[Records drawn from a dataset]

lemma leibniz_hom_add_scaled_bracket:
  assumes "\<And>y z. br (br x y) (br x z) = 0"
  shows "leibniz_hom sg br (\<lambda>z. z + sg t (br x z))"
  unfolding leibniz_hom_def
proof (intro conjI allI)
  show "Vector_Spaces.linear sg sg (\<lambda>z. z + sg t (br x z))"
    by (intro GG.linear_compose_add G.linear_ident GG.linear_compose_scale_right)
       (rule bracket_right.linear_axioms)
  show "br a b + sg t (br x (br a b)) = br (a + sg t (br x a)) (b + sg t (br x b))" for a b
    using assms[of a b] by (simp add: leibniz[of x a b] bracket_linear_simps algebra_simps)
qed

end

locale leibniz_alg_rep = leibniz_alg sg br
  for sg :: "'k::field \<Rightarrow> 'g::ab_group_add \<Rightarrow> 'g" and br +
  fixes sv :: "'k \<Rightarrow> 'v::ab_group_add \<Rightarrow> 'v" and rhoL rhoR :: "'g \<Rightarrow> 'v \<Rightarrow> 'v"
  assumes representation: "representation sg br sv rhoL rhoR"
begin

sublocale V: vector_space sv
  using representation unfolding representation_def by blast

sublocale VV: vector_space_pair sv sv ..

sublocale VG: vector_space_pair sv sg ..

sublocale rhoL_right: Vector_Spaces.linear sv sv "rhoL y" for y
  using representation unfolding representation_def by blast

Task details.
Working down from the line that contains "t (br x (br", retype each line exactly through the last line of the data, and give nothing else.

Final answer.
  show "br a b + sg t (br x (br a b)) = br (a + sg t (br x a)) (b + sg t (br x b))" for a b
    using assms[of a b] by (simp add: leibniz[of x a b] bracket_linear_simps algebra_simps)
qed

end

locale leibniz_alg_rep = leibniz_alg sg br
  for sg :: "'k::field \<Rightarrow> 'g::ab_group_add \<Rightarrow> 'g" and br +
  fixes sv :: "'k \<Rightarrow> 'v::ab_group_add \<Rightarrow> 'v" and rhoL rhoR :: "'g \<Rightarrow> 'v \<Rightarrow> 'v"
  assumes representation: "representation sg br sv rhoL rhoR"
begin

sublocale V: vector_space sv
  using representation unfolding representation_def by blast

sublocale VV: vector_space_pair sv sv ..

sublocale VG: vector_space_pair sv sg ..

sublocale rhoL_right: Vector_Spaces.linear sv sv "rhoL y" for y
  using representation unfolding representation_def by blast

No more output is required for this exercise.